=== Aim of the task ===
Search the data below for the string "that" and copy all lines where it shows up.
+ + + +
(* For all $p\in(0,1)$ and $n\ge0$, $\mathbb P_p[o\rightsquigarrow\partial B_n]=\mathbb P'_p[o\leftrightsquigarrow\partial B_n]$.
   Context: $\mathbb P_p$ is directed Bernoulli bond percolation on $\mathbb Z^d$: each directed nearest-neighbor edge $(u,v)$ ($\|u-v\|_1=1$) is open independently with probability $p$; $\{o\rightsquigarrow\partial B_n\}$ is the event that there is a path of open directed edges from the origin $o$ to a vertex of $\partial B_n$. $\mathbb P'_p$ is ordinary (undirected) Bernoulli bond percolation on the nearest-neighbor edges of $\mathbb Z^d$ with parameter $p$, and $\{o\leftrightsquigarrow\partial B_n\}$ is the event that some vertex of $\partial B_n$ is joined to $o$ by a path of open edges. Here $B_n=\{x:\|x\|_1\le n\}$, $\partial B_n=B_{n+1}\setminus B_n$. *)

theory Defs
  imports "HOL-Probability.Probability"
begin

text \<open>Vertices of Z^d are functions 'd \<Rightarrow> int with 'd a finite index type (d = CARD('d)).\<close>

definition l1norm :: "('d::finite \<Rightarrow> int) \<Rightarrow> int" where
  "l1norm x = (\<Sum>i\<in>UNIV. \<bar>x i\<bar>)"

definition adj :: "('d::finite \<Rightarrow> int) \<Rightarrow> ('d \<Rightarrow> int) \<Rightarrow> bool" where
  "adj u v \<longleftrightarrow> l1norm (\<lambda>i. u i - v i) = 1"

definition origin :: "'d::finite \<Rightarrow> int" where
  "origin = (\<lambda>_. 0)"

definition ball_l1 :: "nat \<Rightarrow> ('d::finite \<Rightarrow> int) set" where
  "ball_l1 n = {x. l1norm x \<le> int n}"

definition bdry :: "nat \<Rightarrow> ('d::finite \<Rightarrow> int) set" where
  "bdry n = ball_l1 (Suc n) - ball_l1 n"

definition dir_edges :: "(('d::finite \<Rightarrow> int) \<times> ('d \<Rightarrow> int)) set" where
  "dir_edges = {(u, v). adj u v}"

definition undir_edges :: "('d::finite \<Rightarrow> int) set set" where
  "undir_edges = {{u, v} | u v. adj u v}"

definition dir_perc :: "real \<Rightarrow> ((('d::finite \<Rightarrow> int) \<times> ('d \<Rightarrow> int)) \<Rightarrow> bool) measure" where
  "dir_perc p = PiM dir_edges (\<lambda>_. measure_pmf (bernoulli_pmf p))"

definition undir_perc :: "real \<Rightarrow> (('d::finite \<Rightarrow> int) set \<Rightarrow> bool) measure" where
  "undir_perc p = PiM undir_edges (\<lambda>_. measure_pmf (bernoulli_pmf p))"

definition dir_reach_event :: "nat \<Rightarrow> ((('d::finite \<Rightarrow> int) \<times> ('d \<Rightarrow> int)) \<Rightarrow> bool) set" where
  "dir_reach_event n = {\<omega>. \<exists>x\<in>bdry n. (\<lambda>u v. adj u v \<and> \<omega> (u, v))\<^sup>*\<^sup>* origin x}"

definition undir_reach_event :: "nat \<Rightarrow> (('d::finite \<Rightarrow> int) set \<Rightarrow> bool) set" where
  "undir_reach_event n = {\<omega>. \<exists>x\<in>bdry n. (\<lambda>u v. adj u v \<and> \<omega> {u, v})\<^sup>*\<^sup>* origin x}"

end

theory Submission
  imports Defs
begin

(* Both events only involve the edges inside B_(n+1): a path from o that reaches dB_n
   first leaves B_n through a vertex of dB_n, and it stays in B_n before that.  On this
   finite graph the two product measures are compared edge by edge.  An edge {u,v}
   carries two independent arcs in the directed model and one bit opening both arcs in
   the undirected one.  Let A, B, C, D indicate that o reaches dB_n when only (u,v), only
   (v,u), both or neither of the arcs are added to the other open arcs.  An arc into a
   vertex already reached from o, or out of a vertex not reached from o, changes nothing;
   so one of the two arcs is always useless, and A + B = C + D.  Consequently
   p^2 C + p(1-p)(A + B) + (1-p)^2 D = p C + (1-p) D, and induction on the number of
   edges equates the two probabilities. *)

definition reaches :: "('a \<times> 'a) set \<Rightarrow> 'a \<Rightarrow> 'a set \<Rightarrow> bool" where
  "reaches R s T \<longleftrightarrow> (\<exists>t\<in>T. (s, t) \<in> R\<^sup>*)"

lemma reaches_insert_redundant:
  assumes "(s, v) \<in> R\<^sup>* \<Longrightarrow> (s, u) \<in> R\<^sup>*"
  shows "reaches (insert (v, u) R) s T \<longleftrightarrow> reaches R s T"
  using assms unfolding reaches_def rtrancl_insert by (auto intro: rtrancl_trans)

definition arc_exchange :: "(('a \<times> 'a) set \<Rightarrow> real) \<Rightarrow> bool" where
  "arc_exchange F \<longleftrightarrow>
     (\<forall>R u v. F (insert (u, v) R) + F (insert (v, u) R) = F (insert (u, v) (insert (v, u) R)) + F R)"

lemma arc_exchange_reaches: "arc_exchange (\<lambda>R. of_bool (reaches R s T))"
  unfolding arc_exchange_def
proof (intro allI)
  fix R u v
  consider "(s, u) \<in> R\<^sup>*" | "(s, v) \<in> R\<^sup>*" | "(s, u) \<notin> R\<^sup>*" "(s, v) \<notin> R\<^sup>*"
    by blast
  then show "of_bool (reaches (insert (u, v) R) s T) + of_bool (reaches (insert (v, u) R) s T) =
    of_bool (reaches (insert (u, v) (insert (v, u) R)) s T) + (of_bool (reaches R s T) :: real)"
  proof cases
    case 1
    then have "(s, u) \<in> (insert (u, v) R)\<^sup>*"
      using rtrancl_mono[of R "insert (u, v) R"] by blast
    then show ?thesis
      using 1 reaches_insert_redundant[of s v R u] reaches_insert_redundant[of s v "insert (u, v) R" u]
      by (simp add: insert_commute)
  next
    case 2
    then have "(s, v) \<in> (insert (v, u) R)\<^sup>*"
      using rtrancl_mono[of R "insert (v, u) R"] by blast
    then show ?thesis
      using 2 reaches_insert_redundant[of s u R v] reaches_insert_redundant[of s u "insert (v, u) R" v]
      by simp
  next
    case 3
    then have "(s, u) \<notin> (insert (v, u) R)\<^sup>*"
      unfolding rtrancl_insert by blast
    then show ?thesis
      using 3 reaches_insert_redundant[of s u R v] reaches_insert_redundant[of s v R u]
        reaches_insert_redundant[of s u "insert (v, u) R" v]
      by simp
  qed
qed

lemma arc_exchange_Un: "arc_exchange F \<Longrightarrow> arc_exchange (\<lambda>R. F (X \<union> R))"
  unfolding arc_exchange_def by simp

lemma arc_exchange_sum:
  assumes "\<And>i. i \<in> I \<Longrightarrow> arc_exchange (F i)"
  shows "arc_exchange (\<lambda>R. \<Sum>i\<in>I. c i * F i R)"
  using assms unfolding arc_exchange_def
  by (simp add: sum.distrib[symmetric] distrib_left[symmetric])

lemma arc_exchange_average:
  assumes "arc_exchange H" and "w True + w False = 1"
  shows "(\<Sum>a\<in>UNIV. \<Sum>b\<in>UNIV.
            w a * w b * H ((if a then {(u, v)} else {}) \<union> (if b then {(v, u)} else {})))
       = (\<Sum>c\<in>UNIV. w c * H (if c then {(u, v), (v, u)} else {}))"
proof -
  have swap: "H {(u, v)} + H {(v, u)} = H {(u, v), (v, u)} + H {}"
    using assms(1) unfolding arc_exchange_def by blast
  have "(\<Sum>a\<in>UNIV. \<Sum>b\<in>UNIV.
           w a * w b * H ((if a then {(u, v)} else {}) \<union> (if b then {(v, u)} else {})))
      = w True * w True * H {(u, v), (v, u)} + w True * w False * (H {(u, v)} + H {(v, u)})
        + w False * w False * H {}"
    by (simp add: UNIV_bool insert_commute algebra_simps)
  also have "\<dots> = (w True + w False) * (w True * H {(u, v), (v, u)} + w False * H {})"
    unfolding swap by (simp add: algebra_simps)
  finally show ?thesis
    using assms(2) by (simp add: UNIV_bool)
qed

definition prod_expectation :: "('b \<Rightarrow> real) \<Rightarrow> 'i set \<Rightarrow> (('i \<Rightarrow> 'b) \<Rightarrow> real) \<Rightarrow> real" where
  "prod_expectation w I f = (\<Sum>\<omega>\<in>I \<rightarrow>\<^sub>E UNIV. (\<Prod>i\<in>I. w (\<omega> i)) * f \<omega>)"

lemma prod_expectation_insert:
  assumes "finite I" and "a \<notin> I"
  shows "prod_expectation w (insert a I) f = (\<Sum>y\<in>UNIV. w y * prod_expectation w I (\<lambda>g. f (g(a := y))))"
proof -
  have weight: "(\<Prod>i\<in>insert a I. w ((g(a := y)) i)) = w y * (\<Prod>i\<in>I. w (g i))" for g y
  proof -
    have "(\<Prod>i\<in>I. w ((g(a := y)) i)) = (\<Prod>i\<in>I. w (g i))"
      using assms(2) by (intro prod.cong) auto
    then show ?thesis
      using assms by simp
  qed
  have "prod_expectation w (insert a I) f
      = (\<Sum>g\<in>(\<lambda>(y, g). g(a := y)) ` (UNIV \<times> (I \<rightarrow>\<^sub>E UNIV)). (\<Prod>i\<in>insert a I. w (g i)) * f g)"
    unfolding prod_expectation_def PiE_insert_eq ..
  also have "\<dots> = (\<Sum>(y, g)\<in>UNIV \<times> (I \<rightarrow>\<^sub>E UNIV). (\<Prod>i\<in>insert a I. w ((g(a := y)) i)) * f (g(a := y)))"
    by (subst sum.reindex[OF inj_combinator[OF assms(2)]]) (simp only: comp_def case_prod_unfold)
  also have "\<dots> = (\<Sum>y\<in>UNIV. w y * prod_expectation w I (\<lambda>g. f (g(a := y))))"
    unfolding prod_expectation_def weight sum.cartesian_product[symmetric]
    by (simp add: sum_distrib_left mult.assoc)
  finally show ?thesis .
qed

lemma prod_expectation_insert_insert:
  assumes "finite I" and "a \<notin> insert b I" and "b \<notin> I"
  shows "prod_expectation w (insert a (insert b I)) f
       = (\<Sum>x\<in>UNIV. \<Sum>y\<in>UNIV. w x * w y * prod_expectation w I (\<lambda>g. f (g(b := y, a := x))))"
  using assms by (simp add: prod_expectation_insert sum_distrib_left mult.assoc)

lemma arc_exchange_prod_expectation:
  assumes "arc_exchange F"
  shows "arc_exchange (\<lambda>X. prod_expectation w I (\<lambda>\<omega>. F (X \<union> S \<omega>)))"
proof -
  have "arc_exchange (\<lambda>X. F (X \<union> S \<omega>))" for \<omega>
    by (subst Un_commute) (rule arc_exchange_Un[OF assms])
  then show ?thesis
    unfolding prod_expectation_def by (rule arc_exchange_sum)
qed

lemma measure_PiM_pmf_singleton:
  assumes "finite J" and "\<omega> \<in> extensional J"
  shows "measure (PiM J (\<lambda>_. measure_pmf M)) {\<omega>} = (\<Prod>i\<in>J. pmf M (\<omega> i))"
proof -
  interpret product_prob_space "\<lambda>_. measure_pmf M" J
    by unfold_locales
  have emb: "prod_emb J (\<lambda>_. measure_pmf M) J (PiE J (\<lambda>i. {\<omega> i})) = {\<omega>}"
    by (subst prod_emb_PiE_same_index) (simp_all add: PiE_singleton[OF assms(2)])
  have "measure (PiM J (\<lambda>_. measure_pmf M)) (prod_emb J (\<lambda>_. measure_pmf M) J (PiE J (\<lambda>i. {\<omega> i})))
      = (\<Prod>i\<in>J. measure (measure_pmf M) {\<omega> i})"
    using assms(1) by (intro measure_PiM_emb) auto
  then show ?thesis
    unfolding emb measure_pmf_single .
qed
+ + + +
=== Response below ===
   Context: $\mathbb P_p$ is directed Bernoulli bond percolation on $\mathbb Z^d$: each directed nearest-neighbor edge $(u,v)$ ($\|u-v\|_1=1$) is open independently with probability $p$; $\{o\rightsquigarrow\partial B_n\}$ is the event that there is a path of open directed edges from the origin $o$ to a vertex of $\partial B_n$. $\mathbb P'_p$ is ordinary (undirected) Bernoulli bond percolation on the nearest-neighbor edges of $\mathbb Z^d$ with parameter $p$, and $\{o\leftrightsquigarrow\partial B_n\}$ is the event that some vertex of $\partial B_n$ is joined to $o$ by a path of open edges. Here $B_n=\{x:\|x\|_1\le n\}$, $\partial B_n=B_{n+1}\setminus B_n$. *)
(* Both events only involve the edges inside B_(n+1): a path from o that reaches dB_n
   first leaves B_n through a vertex of dB_n, and it stays in B_n before that.  On this
   the undirected one.  Let A, B, C, D indicate that o reaches dB_n when only (u,v), only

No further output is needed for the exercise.